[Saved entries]
○ ○ ○

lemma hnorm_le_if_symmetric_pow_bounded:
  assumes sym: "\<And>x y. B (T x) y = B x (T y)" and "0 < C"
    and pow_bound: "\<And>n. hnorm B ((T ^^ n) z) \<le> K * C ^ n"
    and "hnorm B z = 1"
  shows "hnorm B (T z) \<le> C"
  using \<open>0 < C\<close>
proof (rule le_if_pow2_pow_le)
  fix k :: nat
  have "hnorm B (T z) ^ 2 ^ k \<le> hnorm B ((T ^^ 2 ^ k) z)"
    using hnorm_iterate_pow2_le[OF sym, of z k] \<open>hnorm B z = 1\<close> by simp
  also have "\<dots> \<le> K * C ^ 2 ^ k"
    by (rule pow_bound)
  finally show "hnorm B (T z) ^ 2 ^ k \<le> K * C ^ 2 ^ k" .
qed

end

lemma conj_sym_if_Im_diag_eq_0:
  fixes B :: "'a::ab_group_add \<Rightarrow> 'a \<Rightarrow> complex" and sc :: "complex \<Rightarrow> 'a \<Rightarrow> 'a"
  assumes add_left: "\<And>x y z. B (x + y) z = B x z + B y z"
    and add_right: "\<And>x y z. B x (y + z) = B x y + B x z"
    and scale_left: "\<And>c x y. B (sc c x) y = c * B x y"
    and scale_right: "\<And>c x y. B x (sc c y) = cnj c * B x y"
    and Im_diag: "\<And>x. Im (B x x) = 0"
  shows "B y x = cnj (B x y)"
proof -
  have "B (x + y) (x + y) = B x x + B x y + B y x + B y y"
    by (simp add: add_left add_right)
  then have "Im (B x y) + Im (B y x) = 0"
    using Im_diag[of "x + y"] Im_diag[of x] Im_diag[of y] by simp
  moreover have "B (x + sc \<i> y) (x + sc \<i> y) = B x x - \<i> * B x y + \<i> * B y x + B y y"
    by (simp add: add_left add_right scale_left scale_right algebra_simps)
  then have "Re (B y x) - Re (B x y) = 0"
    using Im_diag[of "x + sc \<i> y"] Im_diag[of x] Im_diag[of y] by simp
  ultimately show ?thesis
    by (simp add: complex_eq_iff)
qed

○ ○ ○

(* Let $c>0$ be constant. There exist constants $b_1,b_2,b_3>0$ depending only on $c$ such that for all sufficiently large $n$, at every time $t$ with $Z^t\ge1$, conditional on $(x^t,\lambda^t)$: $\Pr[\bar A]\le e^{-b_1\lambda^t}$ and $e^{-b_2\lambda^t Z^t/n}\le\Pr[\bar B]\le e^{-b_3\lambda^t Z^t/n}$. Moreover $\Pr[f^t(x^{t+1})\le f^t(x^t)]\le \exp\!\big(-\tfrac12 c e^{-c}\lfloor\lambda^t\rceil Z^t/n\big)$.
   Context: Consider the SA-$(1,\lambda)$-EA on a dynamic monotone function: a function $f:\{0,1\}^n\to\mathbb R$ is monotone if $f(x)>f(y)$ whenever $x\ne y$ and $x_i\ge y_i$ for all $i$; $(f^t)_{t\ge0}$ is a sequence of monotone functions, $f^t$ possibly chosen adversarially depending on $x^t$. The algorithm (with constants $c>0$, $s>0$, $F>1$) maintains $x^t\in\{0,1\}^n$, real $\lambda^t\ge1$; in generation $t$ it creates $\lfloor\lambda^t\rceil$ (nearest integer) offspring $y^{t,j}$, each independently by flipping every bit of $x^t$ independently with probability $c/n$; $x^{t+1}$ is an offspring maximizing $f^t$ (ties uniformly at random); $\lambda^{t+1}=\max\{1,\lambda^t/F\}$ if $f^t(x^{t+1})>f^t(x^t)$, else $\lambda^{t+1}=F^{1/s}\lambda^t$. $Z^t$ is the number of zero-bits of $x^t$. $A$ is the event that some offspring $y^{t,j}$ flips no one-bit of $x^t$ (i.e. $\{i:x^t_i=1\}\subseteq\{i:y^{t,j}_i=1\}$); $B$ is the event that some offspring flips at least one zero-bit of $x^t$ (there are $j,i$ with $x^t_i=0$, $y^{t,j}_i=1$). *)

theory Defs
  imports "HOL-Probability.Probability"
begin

○ ○ ○

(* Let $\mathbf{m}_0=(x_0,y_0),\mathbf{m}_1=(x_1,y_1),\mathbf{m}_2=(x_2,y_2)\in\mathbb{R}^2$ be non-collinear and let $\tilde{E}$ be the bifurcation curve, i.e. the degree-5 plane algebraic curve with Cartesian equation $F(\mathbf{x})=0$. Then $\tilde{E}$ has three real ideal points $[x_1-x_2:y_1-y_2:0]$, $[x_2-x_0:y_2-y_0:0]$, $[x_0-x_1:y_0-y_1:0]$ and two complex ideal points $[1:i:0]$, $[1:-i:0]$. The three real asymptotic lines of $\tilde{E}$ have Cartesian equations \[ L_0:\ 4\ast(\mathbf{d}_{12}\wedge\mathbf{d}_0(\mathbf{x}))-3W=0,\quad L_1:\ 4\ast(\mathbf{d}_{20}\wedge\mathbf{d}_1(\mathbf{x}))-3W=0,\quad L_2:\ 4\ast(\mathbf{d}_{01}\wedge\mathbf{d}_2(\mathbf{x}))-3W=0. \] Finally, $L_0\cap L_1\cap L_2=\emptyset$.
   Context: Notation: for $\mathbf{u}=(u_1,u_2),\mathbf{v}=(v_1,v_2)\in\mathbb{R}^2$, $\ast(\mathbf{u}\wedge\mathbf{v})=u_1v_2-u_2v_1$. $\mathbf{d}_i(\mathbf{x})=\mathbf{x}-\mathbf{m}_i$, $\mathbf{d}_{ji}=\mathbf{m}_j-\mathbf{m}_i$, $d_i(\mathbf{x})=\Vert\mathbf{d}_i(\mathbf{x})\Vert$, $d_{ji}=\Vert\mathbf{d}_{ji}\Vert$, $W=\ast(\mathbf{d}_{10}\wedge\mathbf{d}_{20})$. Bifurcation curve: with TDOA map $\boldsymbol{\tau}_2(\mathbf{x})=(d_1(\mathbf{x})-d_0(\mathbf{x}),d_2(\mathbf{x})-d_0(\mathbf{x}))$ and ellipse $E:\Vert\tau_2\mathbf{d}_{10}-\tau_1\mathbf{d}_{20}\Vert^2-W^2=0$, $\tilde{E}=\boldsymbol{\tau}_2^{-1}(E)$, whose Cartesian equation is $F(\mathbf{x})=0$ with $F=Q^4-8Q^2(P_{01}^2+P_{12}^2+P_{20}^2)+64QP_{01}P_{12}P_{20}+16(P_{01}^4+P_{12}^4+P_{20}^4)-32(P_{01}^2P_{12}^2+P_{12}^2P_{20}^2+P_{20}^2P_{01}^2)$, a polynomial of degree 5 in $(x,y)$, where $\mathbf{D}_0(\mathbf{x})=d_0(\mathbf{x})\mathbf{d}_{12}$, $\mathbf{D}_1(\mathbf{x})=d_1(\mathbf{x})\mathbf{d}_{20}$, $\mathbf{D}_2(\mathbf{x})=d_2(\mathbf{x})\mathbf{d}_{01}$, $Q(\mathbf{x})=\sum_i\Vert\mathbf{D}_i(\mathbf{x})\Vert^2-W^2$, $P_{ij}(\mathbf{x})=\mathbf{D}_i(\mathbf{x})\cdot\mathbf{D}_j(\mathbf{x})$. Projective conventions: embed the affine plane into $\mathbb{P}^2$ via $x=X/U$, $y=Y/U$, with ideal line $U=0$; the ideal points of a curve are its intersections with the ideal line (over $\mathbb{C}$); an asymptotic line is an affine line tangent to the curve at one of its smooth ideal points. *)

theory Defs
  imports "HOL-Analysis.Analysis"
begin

○ ○ ○

*WHAT TO PRODUCE*. All lines of the data above that include the word "have" must be shown.

*ANSWER SPACE*.
  have "hnorm B (T z) ^ 2 ^ k \<le> hnorm B ((T ^^ 2 ^ k) z)"
  also have "\<dots> \<le> K * C ^ 2 ^ k"
  have "B (x + y) (x + y) = B x x + B x y + B y x + B y y"
  then have "Im (B x y) + Im (B y x) = 0"
  moreover have "B (x + sc \<i> y) (x + sc \<i> y) = B x x - \<i> * B x y + \<i> * B y x + B y y"
  then have "Re (B y x) - Re (B x y) = 0"
(* Let $\mathbf{m}_0=(x_0,y_0),\mathbf{m}_1=(x_1,y_1),\mathbf{m}_2=(x_2,y_2)\in\mathbb{R}^2$ be non-collinear and let $\tilde{E}$ be the bifurcation curve, i.e. the degree-5 plane algebraic curve with Cartesian equation $F(\mathbf{x})=0$. Then $\tilde{E}$ has three real ideal points $[x_1-x_2:y_1-y_2:0]$, $[x_2-x_0:y_2-y_0:0]$, $[x_0-x_1:y_0-y_1:0]$ and two complex ideal points $[1:i:0]$, $[1:-i:0]$. The three real asymptotic lines of $\tilde{E}$ have Cartesian equations \[ L_0:\ 4\ast(\mathbf{d}_{12}\wedge\mathbf{d}_0(\mathbf{x}))-3W=0,\quad L_1:\ 4\ast(\mathbf{d}_{20}\wedge\mathbf{d}_1(\mathbf{x}))-3W=0,\quad L_2:\ 4\ast(\mathbf{d}_{01}\wedge\mathbf{d}_2(\mathbf{x}))-3W=0. \] Finally, $L_0\cap L_1\cap L_2=\emptyset$.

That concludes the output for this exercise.